• WHAT IS BEING ASKED:
All of the data below is to be returned unaltered.

(Collected data)
________
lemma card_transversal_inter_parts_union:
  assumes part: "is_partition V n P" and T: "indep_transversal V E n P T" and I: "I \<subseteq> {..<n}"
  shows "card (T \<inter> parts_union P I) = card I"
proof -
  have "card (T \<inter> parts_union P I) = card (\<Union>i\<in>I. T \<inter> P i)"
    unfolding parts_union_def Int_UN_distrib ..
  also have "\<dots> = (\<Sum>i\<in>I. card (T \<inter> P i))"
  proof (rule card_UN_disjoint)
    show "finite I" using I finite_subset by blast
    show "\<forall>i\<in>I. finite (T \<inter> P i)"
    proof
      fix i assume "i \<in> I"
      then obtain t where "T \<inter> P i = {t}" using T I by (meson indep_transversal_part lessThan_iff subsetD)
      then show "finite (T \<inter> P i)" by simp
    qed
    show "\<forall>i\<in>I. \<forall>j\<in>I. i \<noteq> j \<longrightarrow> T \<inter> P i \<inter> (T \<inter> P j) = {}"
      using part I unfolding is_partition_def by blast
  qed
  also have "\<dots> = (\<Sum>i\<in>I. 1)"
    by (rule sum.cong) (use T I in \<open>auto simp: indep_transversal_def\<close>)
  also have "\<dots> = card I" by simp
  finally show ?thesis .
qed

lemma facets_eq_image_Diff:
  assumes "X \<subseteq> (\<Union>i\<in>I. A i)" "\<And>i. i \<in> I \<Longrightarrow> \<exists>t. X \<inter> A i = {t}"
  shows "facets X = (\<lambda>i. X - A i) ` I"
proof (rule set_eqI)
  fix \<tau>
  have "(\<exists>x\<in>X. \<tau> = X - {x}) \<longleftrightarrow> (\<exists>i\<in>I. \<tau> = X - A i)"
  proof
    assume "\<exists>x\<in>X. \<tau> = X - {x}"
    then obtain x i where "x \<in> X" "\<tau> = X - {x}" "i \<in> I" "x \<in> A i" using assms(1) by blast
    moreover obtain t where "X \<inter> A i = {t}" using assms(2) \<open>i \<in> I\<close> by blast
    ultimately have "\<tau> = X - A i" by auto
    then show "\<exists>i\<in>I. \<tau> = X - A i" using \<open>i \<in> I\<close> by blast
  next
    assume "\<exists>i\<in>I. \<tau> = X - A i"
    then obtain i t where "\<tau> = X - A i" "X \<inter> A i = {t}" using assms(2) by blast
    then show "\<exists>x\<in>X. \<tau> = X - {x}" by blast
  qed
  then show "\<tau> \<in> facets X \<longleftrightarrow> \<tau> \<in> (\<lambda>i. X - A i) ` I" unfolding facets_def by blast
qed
________
• YOUR RESPONSE:
lemma card_transversal_inter_parts_union:
  assumes part: "is_partition V n P" and T: "indep_transversal V E n P T" and I: "I \<subseteq> {..<n}"
  shows "card (T \<inter> parts_union P I) = card I"
proof -
  have "card (T \<inter> parts_union P I) = card (\<Union>i\<in>I. T \<inter> P i)"
    unfolding parts_union_def Int_UN_distrib ..
  also have "\<dots> = (\<Sum>i\<in>I. card (T \<inter> P i))"
  proof (rule card_UN_disjoint)
    show "finite I" using I finite_subset by blast
    show "\<forall>i\<in>I. finite (T \<inter> P i)"
    proof
      fix i assume "i \<in> I"
      then obtain t where "T \<inter> P i = {t}" using T I by (meson indep_transversal_part lessThan_iff subsetD)
      then show "finite (T \<inter> P i)" by simp
    qed
    show "\<forall>i\<in>I. \<forall>j\<in>I. i \<noteq> j \<longrightarrow> T \<inter> P i \<inter> (T \<inter> P j) = {}"
      using part I unfolding is_partition_def by blast
  qed
  also have "\<dots> = (\<Sum>i\<in>I. 1)"
    by (rule sum.cong) (use T I in \<open>auto simp: indep_transversal_def\<close>)
  also have "\<dots> = card I" by simp
  finally show ?thesis .
qed

lemma facets_eq_image_Diff:
  assumes "X \<subseteq> (\<Union>i\<in>I. A i)" "\<And>i. i \<in> I \<Longrightarrow> \<exists>t. X \<inter> A i = {t}"
  shows "facets X = (\<lambda>i. X - A i) ` I"
proof (rule set_eqI)
  fix \<tau>
  have "(\<exists>x\<in>X. \<tau> = X - {x}) \<longleftrightarrow> (\<exists>i\<in>I. \<tau> = X - A i)"
  proof
    assume "\<exists>x\<in>X. \<tau> = X - {x}"
    then obtain x i where "x \<in> X" "\<tau> = X - {x}" "i \<in> I" "x \<in> A i" using assms(1) by blast
    moreover obtain t where "X \<inter> A i = {t}" using assms(2) \<open>i \<in> I\<close> by blast
    ultimately have "\<tau> = X - A i" by auto
    then show "\<exists>i\<in>I. \<tau> = X - A i" using \<open>i \<in> I\<close> by blast
  next
    assume "\<exists>i\<in>I. \<tau> = X - A i"
    then obtain i t where "\<tau> = X - A i" "X \<inter> A i = {t}" using assms(2) by blast
    then show "\<exists>x\<in>X. \<tau> = X - {x}" by blast
  qed
  then show "\<tau> \<in> facets X \<longleftrightarrow> \<tau> \<in> (\<lambda>i. X - A i) ` I" unfolding facets_def by blast
qed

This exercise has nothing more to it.